=== Section Start ===

lemma enc_len_le_powr:
  assumes n: "1 \<le> n" "n \<le> m" and S: "1 \<le> S" "real S \<le> A * real m powr (1+\<tau>)"
    and t: "0 < \<tau>" "\<tau> \<le> 1" and A: "0 < A"
  shows "real (enc_len S n) \<le> (10 + 10/\<tau> + 6*A + (4/\<tau>) * A powr (1+\<tau>) + (2/\<tau>)*A) * real m powr (1+3*\<tau>)"
proof -
  define P where "P = real m powr (1+3*\<tau>)"
  have m1: "1 \<le> real m" using n by simp
  have F1: "1 \<le> P" unfolding P_def by (rule ge_one_powr_ge_zero) (use m1 t in auto)
  have F2: "real m powr \<tau> \<le> P" unfolding P_def using m1 t by (intro powr_mono) auto
  have F2': "real n powr \<tau> \<le> real m powr \<tau>" using n t by (intro powr_mono2) auto
  have mp: "real m powr (1+\<tau>) \<le> P" unfolding P_def using m1 t by (intro powr_mono) auto
  have F3: "real S \<le> A*P" using S(2) mp A by (meson mult_left_mono less_imp_le order_trans)
  have Sp: "0 < real S" using S by simp
  have m: "1 \<le> m" using n by simp
  note F4 = powr_bounds_of_size_le(1)[OF m S t A, folded P_def]
    and F5 = powr_bounds_of_size_le(2)[OF m S t A, folded P_def]
  have cn: "real (clog n) \<le> 1 + (2/\<tau>) * real m powr \<tau>"
    using clog_le_powr[OF n(1) t(1)] F2' t by (smt (verit) divide_pos_pos mult_left_mono)
  have cs: "real (clog S) \<le> 1 + (2/\<tau>) * real S powr \<tau>" using clog_le_powr[OF S(1) t(1)] .
  have "enc_len S n \<le> 2 * clog n + 2 + S * (3 + 2 * clog S + clog n)"
    unfolding enc_len_def by simp
  then have "real (enc_len S n) \<le> 2 * real (clog n) + 2 + real S * (3 + 2 * real (clog S) + real (clog n))"
    by (metis (mono_tags, lifting) of_nat_le_iff of_nat_add of_nat_mult of_nat_numeral)
  also have "\<dots> \<le> 2 * (1 + (2/\<tau>) * real m powr \<tau>) + 2 + real S * (3 + 2 * (1 + (2/\<tau>) * real S powr \<tau>) + (1 + (2/\<tau>) * real m powr \<tau>))"
    using cn cs Sp by (intro add_mono mult_left_mono) auto
  also have "\<dots> = 4 + (4/\<tau>) * real m powr \<tau> + 6 * real S + (4/\<tau>) * (real S * real S powr \<tau>) + (2/\<tau>) * (real S * real m powr \<tau>)"
    by (simp add: algebra_simps)
  also have "real S * real S powr \<tau> = real S powr (1+\<tau>)" using Sp by (simp add: powr_add)
  also have "4 + (4/\<tau>) * real m powr \<tau> + 6 * real S + (4/\<tau>) * real S powr (1+\<tau>) + (2/\<tau>) * (real S * real m powr \<tau>)
     \<le> 4*P + (4/\<tau>) * P + 6 * (A*P) + (4/\<tau>) * (A powr (1+\<tau>) * P) + (2/\<tau>) * (A * P)"
    using F1 F2 F3 F4 F5 n t by (intro add_mono mult_left_mono) auto
  also have "\<dots> \<le> (10 + 10/\<tau> + 6*A + (4/\<tau>) * A powr (1+\<tau>) + (2/\<tau>)*A) * P"
  proof -
    have "P*4/\<tau> \<le> P*10/\<tau>" using F1 t by (intro divide_right_mono) auto
    then show ?thesis using F1 by (simp add: algebra_simps)
  qed
  finally show ?thesis unfolding P_def .
qed

lemma ratio_le_powr:
  assumes n: "1 \<le> n" and s: "1 \<le> s" "s \<le> n^d" and d: "1 \<le> d" and m: "m = 2*s+1+n"
    and t: "0 < \<tau>" "\<tau> \<le> 1" "3*\<tau>*real d \<le> \<gamma>" and Q: "0 \<le> Q"
    and E: "E \<le> Q * real m powr (1+3*\<tau>)"
  shows "E / real s \<le> 256 * Q * real n powr (1+\<gamma>)"
proof -
  have nd: "n \<le> n^d" using n d by (metis One_nat_def le_trans power_increasing power_one_right)
  have "1 \<le> n^d" using n by simp
  then have m4: "m \<le> 4 * n^d" using m s nd by linarith
  have ms: "m \<le> 4 * n * s" proof -
    have "n \<le> n*s" using s by simp
    moreover have "s*(3+n) = 3*s + n*s" by (simp add: algebra_simps)
    ultimately have "m \<le> s*(3+n)" using m s n by linarith
    also have "\<dots> \<le> s * (4*n)" using n by simp
    finally show ?thesis by (simp add: algebra_simps)
  qed
  have m1: "1 \<le> real m" using m by simp
  have sp: "0 < real s" using s by simp
  have np: "0 < real n" using n by simp
  have "real m powr (3*\<tau>) \<le> (4 * real n ^ d) powr (3*\<tau>)"
    using m4 t m1 by (intro powr_mono2) (auto simp flip: of_nat_power)
  also have "\<dots> = 4 powr (3*\<tau>) * real n powr (real d * (3*\<tau>))"
    using np by (simp add: powr_mult powr_realpow[symmetric] powr_powr)
  finally have A0: "real m powr (3*\<tau>) \<le> 4 powr (3*\<tau>) * real n powr (real d * (3*\<tau>))" .
  have a1: "4 powr (3*\<tau>) \<le> (4::real) powr 3" using t by (intro powr_mono) auto
  have a1': "(4::real) powr 3 = 64" by (simp add: powr_numeral)
  have a2: "real n powr (real d * (3*\<tau>)) \<le> real n powr \<gamma>" using n t by (intro powr_mono) (auto simp: algebra_simps)
  have "4 powr (3*\<tau>) * real n powr (real d * (3*\<tau>)) \<le> 64 * real n powr \<gamma>"
    using a1 a1' a2 by (intro mult_mono) auto
  then have A: "real m powr (3*\<tau>) \<le> 64 * real n powr \<gamma>" using A0 by linarith
  have "E / real s \<le> Q * real m powr (1+3*\<tau>) / real s" using E sp by (simp add: divide_right_mono)
  also have "real m powr (1+3*\<tau>) = real m * real m powr (3*\<tau>)" using m1 by (simp add: powr_add)
  also have "Q * (real m * real m powr (3*\<tau>)) / real s = Q * (real m / real s) * real m powr (3*\<tau>)" by simp
  also have "real m / real s \<le> 4 * real n" using ms sp by (simp add: field_simps) (metis of_nat_le_iff of_nat_mult of_nat_numeral)
  also have "Q * (4 * real n) * real m powr (3*\<tau>) \<le> Q * (4 * real n) * (64 * real n powr \<gamma>)"
    using A Q np by (intro mult_left_mono) auto
  also have "\<dots> = 256 * Q * (real n * real n powr \<gamma>)" by simp
  also have "real n * real n powr \<gamma> = real n powr (1+\<gamma>)" using np by (simp add: powr_add)
  finally show ?thesis using Q np by (simp add: mult_left_mono mult_right_mono)
qed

=== Section End ===

### WORK INSTRUCTIONS
Copy out each record, keeping every word as it is.

### YOUR RESPONSE
lemma enc_len_le_powr:
  assumes n: "1 \<le> n" "n \<le> m" and S: "1 \<le> S" "real S \<le> A * real m powr (1+\<tau>)"
    and t: "0 < \<tau>" "\<tau> \<le> 1" and A: "0 < A"
  shows "real (enc_len S n) \<le> (10 + 10/\<tau> + 6*A + (4/\<tau>) * A powr (1+\<tau>) + (2/\<tau>)*A) * real m powr (1+3*\<tau>)"
proof -
  define P where "P = real m powr (1+3*\<tau>)"
  have m1: "1 \<le> real m" using n by simp
  have F1: "1 \<le> P" unfolding P_def by (rule ge_one_powr_ge_zero) (use m1 t in auto)
  have F2: "real m powr \<tau> \<le> P" unfolding P_def using m1 t by (intro powr_mono) auto
  have F2': "real n powr \<tau> \<le> real m powr \<tau>" using n t by (intro powr_mono2) auto
  have mp: "real m powr (1+\<tau>) \<le> P" unfolding P_def using m1 t by (intro powr_mono) auto
  have F3: "real S \<le> A*P" using S(2) mp A by (meson mult_left_mono less_imp_le order_trans)
  have Sp: "0 < real S" using S by simp
  have m: "1 \<le> m" using n by simp
  note F4 = powr_bounds_of_size_le(1)[OF m S t A, folded P_def]
    and F5 = powr_bounds_of_size_le(2)[OF m S t A, folded P_def]
  have cn: "real (clog n) \<le> 1 + (2/\<tau>) * real m powr \<tau>"
    using clog_le_powr[OF n(1) t(1)] F2' t by (smt (verit) divide_pos_pos mult_left_mono)
  have cs: "real (clog S) \<le> 1 + (2/\<tau>) * real S powr \<tau>" using clog_le_powr[OF S(1) t(1)] .
  have "enc_len S n \<le> 2 * clog n + 2 + S * (3 + 2 * clog S + clog n)"
    unfolding enc_len_def by simp
  then have "real (enc_len S n) \<le> 2 * real (clog n) + 2 + real S * (3 + 2 * real (clog S) + real (clog n))"
    by (metis (mono_tags, lifting) of_nat_le_iff of_nat_add of_nat_mult of_nat_numeral)
  also have "\<dots> \<le> 2 * (1 + (2/\<tau>) * real m powr \<tau>) + 2 + real S * (3 + 2 * (1 + (2/\<tau>) * real S powr \<tau>) + (1 + (2/\<tau>) * real m powr \<tau>))"
    using cn cs Sp by (intro add_mono mult_left_mono) auto
  also have "\<dots> = 4 + (4/\<tau>) * real m powr \<tau> + 6 * real S + (4/\<tau>) * (real S * real S powr \<tau>) + (2/\<tau>) * (real S * real m powr \<tau>)"
    by (simp add: algebra_simps)
  also have "real S * real S powr \<tau> = real S powr (1+\<tau>)" using Sp by (simp add: powr_add)
  also have "4 + (4/\<tau>) * real m powr \<tau> + 6 * real S + (4/\<tau>) * real S powr (1+\<tau>) + (2/\<tau>) * (real S * real m powr \<tau>)
     \<le> 4*P + (4/\<tau>) * P + 6 * (A*P) + (4/\<tau>) * (A powr (1+\<tau>) * P) + (2/\<tau>) * (A * P)"
    using F1 F2 F3 F4 F5 n t by (intro add_mono mult_left_mono) auto
  also have "\<dots> \<le> (10 + 10/\<tau> + 6*A + (4/\<tau>) * A powr (1+\<tau>) + (2/\<tau>)*A) * P"
  proof -
    have "P*4/\<tau> \<le> P*10/\<tau>" using F1 t by (intro divide_right_mono) auto
    then show ?thesis using F1 by (simp add: algebra_simps)
  qed
  finally show ?thesis unfolding P_def .
qed

lemma ratio_le_powr:
  assumes n: "1 \<le> n" and s: "1 \<le> s" "s \<le> n^d" and d: "1 \<le> d" and m: "m = 2*s+1+n"
    and t: "0 < \<tau>" "\<tau> \<le> 1" "3*\<tau>*real d \<le> \<gamma>" and Q: "0 \<le> Q"
    and E: "E \<le> Q * real m powr (1+3*\<tau>)"
  shows "E / real s \<le> 256 * Q * real n powr (1+\<gamma>)"
proof -
  have nd: "n \<le> n^d" using n d by (metis One_nat_def le_trans power_increasing power_one_right)
  have "1 \<le> n^d" using n by simp
  then have m4: "m \<le> 4 * n^d" using m s nd by linarith
  have ms: "m \<le> 4 * n * s" proof -
    have "n \<le> n*s" using s by simp
    moreover have "s*(3+n) = 3*s + n*s" by (simp add: algebra_simps)
    ultimately have "m \<le> s*(3+n)" using m s n by linarith
    also have "\<dots> \<le> s * (4*n)" using n by simp
    finally show ?thesis by (simp add: algebra_simps)
  qed
  have m1: "1 \<le> real m" using m by simp
  have sp: "0 < real s" using s by simp
  have np: "0 < real n" using n by simp
  have "real m powr (3*\<tau>) \<le> (4 * real n ^ d) powr (3*\<tau>)"
    using m4 t m1 by (intro powr_mono2) (auto simp flip: of_nat_power)
  also have "\<dots> = 4 powr (3*\<tau>) * real n powr (real d * (3*\<tau>))"
    using np by (simp add: powr_mult powr_realpow[symmetric] powr_powr)
  finally have A0: "real m powr (3*\<tau>) \<le> 4 powr (3*\<tau>) * real n powr (real d * (3*\<tau>))" .
  have a1: "4 powr (3*\<tau>) \<le> (4::real) powr 3" using t by (intro powr_mono) auto
  have a1': "(4::real) powr 3 = 64" by (simp add: powr_numeral)
  have a2: "real n powr (real d * (3*\<tau>)) \<le> real n powr \<gamma>" using n t by (intro powr_mono) (auto simp: algebra_simps)
  have "4 powr (3*\<tau>) * real n powr (real d * (3*\<tau>)) \<le> 64 * real n powr \<gamma>"
    using a1 a1' a2 by (intro mult_mono) auto
  then have A: "real m powr (3*\<tau>) \<le> 64 * real n powr \<gamma>" using A0 by linarith
  have "E / real s \<le> Q * real m powr (1+3*\<tau>) / real s" using E sp by (simp add: divide_right_mono)
  also have "real m powr (1+3*\<tau>) = real m * real m powr (3*\<tau>)" using m1 by (simp add: powr_add)
  also have "Q * (real m * real m powr (3*\<tau>)) / real s = Q * (real m / real s) * real m powr (3*\<tau>)" by simp
  also have "real m / real s \<le> 4 * real n" using ms sp by (simp add: field_simps) (metis of_nat_le_iff of_nat_mult of_nat_numeral)
  also have "Q * (4 * real n) * real m powr (3*\<tau>) \<le> Q * (4 * real n) * (64 * real n powr \<gamma>)"
    using A Q np by (intro mult_left_mono) auto
  also have "\<dots> = 256 * Q * (real n * real n powr \<gamma>)" by simp
  also have "real n * real n powr \<gamma> = real n powr (1+\<gamma>)" using np by (simp add: powr_add)
  finally show ?thesis using Q np by (simp add: mult_left_mono mult_right_mono)
qed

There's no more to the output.